## What you need to do
Repeat verbatim, and only, the lines of the data below, beginning at the line that contains "by (rule diagram_swap[where i = 1])" and stopping after the line that contains "by (rule diagram_remove_id[where i = 2])".

Dataset records:
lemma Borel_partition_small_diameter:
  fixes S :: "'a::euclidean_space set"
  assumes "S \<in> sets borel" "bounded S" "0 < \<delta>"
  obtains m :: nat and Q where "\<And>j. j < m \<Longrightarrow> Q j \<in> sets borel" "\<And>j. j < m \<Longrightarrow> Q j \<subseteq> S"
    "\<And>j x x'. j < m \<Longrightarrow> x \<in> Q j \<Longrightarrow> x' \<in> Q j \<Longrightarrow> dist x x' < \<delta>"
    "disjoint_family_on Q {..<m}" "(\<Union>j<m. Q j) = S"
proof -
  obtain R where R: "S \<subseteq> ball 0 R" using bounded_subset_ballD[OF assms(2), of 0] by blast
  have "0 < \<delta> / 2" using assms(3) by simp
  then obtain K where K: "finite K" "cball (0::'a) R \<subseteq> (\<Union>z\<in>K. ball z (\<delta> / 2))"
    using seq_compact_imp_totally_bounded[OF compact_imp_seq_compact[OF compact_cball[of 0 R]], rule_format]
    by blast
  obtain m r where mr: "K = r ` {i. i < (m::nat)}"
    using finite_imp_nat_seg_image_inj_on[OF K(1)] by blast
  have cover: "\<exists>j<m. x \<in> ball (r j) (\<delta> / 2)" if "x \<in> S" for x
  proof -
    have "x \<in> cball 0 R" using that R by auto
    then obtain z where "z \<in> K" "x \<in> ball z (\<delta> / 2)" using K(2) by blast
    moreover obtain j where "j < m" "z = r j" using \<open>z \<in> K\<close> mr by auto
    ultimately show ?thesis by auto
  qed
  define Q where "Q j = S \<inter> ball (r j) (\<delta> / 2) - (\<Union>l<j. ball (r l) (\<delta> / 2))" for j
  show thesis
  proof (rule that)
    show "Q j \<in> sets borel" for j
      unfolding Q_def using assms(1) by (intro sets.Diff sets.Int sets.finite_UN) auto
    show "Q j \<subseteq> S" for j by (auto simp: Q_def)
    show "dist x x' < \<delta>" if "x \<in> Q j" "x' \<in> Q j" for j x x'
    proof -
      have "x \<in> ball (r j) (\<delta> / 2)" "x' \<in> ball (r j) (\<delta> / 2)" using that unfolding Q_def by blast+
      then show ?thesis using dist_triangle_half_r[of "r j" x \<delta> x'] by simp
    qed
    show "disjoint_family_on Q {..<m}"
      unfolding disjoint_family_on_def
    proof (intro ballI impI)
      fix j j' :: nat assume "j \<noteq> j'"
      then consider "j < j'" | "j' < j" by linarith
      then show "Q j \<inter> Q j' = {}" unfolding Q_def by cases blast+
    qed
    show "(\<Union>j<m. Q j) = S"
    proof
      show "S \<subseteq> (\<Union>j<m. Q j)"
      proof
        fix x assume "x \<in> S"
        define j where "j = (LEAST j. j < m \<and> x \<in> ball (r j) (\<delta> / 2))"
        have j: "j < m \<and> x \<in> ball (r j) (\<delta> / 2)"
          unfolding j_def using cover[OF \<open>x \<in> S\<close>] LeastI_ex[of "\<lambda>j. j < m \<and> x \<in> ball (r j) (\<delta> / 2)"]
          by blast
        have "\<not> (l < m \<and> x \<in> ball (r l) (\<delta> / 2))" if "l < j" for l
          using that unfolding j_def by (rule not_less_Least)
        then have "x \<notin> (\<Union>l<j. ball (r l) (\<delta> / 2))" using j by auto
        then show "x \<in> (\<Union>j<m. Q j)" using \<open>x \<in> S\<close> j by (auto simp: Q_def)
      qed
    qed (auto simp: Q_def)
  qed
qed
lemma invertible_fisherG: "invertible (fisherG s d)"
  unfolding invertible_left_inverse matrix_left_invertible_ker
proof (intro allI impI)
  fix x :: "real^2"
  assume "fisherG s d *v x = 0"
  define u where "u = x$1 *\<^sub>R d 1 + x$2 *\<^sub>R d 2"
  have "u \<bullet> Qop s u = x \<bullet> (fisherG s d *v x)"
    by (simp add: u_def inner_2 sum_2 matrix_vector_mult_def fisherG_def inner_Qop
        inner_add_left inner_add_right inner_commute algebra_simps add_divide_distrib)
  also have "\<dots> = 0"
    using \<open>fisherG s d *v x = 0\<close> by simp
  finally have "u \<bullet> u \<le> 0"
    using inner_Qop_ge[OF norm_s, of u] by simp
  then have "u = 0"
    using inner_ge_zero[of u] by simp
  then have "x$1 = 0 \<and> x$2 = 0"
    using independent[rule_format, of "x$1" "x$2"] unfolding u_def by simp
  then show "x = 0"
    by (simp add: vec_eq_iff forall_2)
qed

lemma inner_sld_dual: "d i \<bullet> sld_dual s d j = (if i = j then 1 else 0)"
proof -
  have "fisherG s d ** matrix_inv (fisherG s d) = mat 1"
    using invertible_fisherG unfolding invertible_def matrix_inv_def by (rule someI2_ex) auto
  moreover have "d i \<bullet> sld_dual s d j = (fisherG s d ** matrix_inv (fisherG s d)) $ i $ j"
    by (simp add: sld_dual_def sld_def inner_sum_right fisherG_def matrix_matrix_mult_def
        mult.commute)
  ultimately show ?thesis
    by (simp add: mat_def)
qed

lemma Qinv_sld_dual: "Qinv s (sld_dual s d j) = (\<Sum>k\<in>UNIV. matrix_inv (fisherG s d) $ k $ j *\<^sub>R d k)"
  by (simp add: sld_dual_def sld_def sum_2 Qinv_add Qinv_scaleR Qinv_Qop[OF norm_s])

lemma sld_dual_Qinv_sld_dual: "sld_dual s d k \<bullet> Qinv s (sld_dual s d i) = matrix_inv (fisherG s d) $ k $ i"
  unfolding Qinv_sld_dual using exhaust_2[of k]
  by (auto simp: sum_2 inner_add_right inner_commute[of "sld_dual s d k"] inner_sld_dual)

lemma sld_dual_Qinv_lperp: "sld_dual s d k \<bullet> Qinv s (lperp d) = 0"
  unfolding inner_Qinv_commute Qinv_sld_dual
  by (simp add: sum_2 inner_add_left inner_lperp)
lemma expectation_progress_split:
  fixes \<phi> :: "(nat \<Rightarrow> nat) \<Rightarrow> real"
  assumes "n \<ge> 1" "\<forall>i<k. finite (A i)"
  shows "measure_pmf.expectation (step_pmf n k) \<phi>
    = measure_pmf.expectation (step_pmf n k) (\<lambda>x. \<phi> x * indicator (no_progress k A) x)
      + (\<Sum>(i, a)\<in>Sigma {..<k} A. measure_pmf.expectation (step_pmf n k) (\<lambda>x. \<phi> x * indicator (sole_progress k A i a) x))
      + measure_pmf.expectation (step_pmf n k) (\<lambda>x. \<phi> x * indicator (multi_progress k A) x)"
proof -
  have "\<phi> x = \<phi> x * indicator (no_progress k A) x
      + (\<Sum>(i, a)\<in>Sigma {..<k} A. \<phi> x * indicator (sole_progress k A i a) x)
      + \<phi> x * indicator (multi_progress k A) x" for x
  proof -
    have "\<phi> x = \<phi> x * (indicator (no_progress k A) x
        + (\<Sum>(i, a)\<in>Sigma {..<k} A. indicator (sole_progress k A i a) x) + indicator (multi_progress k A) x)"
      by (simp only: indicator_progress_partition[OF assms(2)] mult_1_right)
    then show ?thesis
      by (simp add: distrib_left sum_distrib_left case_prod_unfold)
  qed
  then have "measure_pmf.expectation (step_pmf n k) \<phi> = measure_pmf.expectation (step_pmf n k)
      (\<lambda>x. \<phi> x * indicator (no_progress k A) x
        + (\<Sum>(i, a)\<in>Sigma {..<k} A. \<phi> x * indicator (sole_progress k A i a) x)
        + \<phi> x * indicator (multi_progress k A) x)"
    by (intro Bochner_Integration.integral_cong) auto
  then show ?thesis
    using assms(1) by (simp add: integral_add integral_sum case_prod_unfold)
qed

---

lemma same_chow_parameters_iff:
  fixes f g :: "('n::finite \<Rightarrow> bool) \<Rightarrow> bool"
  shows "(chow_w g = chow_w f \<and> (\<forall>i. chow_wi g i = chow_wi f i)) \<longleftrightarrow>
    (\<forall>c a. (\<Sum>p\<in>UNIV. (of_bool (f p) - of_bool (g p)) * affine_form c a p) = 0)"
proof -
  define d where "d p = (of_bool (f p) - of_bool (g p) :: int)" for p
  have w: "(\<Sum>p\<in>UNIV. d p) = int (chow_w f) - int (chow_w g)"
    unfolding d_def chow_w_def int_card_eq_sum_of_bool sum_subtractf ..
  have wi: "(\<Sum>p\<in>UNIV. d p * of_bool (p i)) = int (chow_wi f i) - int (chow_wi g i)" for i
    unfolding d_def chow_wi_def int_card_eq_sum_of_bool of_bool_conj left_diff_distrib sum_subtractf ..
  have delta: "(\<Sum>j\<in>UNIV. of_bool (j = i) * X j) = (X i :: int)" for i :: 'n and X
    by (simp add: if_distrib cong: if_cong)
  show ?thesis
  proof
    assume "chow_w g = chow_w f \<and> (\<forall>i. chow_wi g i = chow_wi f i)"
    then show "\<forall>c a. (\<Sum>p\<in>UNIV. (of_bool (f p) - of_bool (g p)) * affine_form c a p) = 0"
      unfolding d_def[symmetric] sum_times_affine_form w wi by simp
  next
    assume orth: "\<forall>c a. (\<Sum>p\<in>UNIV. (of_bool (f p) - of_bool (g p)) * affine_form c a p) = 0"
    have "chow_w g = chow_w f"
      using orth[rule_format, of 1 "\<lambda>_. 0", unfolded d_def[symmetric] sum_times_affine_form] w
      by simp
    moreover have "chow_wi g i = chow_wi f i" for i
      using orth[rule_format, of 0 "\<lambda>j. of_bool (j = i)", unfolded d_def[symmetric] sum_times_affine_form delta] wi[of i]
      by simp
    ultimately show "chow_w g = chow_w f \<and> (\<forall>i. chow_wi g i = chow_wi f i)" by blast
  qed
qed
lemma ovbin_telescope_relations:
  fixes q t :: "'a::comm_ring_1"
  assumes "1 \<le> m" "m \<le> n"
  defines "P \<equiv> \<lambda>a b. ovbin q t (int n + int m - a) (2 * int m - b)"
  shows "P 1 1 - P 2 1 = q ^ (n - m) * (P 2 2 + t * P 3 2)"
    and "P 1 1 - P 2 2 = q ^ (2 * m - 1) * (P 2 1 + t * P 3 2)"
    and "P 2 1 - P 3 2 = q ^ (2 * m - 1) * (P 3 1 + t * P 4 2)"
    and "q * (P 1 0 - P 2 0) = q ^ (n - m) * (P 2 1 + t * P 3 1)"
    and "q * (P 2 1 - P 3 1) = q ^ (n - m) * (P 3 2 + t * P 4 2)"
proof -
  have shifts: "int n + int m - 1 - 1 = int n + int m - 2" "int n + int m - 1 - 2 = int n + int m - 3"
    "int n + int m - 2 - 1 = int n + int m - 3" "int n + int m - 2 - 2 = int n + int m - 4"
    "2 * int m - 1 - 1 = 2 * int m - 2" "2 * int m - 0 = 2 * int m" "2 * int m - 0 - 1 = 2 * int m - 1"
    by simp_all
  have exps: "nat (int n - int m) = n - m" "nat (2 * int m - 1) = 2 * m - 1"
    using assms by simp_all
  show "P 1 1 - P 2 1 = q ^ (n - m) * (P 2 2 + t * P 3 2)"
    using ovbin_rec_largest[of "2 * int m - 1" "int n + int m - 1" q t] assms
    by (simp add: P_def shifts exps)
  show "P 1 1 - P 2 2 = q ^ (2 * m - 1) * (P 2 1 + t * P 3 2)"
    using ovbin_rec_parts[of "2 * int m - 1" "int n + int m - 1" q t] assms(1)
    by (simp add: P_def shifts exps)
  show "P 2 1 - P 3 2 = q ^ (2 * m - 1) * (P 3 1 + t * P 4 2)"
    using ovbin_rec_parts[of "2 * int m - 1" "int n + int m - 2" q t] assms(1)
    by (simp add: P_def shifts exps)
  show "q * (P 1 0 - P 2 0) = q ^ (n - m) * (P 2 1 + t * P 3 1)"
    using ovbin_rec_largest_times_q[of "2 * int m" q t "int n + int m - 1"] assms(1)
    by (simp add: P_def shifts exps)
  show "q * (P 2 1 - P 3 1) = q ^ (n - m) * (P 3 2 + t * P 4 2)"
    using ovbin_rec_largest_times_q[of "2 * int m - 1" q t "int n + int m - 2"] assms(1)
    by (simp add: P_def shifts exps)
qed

--

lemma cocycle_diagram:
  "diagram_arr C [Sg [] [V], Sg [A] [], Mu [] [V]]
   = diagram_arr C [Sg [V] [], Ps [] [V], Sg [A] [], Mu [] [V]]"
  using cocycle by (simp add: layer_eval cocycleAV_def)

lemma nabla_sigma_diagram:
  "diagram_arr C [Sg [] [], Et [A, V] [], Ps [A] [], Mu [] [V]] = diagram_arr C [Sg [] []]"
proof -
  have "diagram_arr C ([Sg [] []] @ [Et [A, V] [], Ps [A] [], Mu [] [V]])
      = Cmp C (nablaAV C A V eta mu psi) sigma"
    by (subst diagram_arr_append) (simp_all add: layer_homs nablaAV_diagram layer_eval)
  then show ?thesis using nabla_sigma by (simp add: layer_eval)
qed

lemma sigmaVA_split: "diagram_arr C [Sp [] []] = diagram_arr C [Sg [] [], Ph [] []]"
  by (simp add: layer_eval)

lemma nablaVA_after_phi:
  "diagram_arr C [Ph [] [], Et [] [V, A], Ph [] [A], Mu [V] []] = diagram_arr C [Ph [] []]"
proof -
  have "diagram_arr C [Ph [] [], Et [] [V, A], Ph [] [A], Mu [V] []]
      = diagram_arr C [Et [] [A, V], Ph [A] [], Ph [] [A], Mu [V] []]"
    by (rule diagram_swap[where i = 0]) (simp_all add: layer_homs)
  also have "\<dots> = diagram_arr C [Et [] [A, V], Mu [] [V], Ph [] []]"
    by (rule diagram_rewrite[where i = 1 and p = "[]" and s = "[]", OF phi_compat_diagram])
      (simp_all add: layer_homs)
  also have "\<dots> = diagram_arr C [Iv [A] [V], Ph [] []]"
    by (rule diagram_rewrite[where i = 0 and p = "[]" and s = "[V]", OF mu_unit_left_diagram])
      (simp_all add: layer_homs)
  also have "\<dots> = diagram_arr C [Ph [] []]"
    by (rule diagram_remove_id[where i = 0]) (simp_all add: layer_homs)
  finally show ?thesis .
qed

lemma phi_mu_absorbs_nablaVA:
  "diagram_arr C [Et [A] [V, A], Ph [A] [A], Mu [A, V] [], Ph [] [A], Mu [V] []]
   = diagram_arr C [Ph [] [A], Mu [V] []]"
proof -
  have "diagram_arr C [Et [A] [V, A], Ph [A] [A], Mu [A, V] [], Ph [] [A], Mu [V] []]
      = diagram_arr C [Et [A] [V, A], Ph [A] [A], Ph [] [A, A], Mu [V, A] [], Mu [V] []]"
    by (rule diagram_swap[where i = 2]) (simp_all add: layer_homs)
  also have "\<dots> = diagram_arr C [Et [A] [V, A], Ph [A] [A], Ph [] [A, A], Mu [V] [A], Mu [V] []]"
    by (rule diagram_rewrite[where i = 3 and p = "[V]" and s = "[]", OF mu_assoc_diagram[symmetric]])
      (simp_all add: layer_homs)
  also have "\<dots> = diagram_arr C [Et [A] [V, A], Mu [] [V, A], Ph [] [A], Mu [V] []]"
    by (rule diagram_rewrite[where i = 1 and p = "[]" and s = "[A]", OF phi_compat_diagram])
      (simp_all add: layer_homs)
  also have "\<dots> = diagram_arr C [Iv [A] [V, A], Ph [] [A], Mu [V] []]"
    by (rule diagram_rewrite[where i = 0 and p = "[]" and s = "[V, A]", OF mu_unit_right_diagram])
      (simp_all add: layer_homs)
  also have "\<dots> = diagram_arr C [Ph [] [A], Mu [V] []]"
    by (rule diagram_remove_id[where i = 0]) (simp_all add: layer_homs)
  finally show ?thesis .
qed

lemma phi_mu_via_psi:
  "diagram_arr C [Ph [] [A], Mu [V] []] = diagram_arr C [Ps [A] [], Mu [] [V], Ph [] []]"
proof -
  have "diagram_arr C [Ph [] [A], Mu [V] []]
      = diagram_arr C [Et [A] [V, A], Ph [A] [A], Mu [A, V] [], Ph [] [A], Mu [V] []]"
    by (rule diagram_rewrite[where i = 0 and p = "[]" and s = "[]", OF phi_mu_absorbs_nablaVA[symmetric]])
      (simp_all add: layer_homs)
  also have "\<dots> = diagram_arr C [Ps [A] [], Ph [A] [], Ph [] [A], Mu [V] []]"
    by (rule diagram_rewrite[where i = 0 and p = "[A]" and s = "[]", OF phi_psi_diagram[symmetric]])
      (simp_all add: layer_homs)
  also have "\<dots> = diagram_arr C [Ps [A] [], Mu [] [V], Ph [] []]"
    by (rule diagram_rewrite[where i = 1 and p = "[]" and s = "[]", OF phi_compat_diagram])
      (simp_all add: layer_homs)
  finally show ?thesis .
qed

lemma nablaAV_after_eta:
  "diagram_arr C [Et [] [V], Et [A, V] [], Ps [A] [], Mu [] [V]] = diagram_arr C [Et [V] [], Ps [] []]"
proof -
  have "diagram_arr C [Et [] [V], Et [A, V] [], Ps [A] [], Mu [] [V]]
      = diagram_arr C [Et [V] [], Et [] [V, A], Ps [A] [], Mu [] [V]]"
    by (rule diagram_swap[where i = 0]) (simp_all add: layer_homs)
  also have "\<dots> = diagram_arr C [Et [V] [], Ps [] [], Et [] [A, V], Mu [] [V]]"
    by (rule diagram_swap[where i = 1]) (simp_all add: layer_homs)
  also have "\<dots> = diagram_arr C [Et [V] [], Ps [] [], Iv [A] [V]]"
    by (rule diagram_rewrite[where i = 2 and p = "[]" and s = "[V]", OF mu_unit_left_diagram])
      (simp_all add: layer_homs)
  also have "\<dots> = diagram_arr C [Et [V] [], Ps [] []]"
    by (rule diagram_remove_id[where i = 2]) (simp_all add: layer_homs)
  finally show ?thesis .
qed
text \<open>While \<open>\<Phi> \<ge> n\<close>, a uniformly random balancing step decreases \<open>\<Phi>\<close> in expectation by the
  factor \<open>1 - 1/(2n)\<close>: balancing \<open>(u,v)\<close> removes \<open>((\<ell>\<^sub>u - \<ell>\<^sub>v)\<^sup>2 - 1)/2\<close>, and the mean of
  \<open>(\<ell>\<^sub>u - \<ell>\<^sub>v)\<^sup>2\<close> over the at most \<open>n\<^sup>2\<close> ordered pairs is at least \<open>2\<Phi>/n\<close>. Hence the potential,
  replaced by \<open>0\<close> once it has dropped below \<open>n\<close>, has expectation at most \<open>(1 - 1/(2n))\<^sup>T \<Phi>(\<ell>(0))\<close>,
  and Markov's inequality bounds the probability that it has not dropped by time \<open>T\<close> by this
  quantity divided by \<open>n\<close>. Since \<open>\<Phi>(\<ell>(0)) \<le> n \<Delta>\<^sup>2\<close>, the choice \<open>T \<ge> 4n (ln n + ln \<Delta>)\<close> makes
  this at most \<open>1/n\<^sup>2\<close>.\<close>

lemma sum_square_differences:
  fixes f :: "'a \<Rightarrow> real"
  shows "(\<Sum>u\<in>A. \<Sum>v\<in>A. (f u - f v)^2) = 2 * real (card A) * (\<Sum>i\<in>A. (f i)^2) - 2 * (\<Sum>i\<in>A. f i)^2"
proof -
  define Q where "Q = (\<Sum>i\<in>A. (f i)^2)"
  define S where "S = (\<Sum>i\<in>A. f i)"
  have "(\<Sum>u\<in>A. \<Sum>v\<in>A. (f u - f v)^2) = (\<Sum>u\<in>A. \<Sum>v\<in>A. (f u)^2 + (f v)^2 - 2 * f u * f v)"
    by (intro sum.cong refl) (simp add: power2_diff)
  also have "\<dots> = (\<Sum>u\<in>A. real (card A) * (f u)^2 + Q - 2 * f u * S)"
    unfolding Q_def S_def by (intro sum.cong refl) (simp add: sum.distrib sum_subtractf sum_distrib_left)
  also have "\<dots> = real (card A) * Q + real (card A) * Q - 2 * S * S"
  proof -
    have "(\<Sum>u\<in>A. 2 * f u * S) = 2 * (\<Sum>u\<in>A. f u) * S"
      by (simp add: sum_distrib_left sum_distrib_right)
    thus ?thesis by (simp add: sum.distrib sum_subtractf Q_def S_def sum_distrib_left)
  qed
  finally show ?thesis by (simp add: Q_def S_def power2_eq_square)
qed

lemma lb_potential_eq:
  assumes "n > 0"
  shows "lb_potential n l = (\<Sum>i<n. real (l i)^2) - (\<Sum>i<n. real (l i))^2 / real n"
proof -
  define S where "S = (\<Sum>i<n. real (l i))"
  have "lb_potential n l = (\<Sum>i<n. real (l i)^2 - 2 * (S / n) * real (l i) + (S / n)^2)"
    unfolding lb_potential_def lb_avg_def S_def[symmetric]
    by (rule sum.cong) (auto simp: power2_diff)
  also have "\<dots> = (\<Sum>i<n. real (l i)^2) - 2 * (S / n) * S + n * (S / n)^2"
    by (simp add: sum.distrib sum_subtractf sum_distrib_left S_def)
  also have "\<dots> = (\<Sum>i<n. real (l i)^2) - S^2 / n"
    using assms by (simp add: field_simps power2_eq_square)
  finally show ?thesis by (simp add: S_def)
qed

## The completed task
    by (rule diagram_swap[where i = 1]) (simp_all add: layer_homs)
  also have "\<dots> = diagram_arr C [Et [V] [], Ps [] [], Iv [A] [V]]"
    by (rule diagram_rewrite[where i = 2 and p = "[]" and s = "[V]", OF mu_unit_left_diagram])
      (simp_all add: layer_homs)
  also have "\<dots> = diagram_arr C [Et [V] [], Ps [] []]"
    by (rule diagram_remove_id[where i = 2]) (simp_all add: layer_homs)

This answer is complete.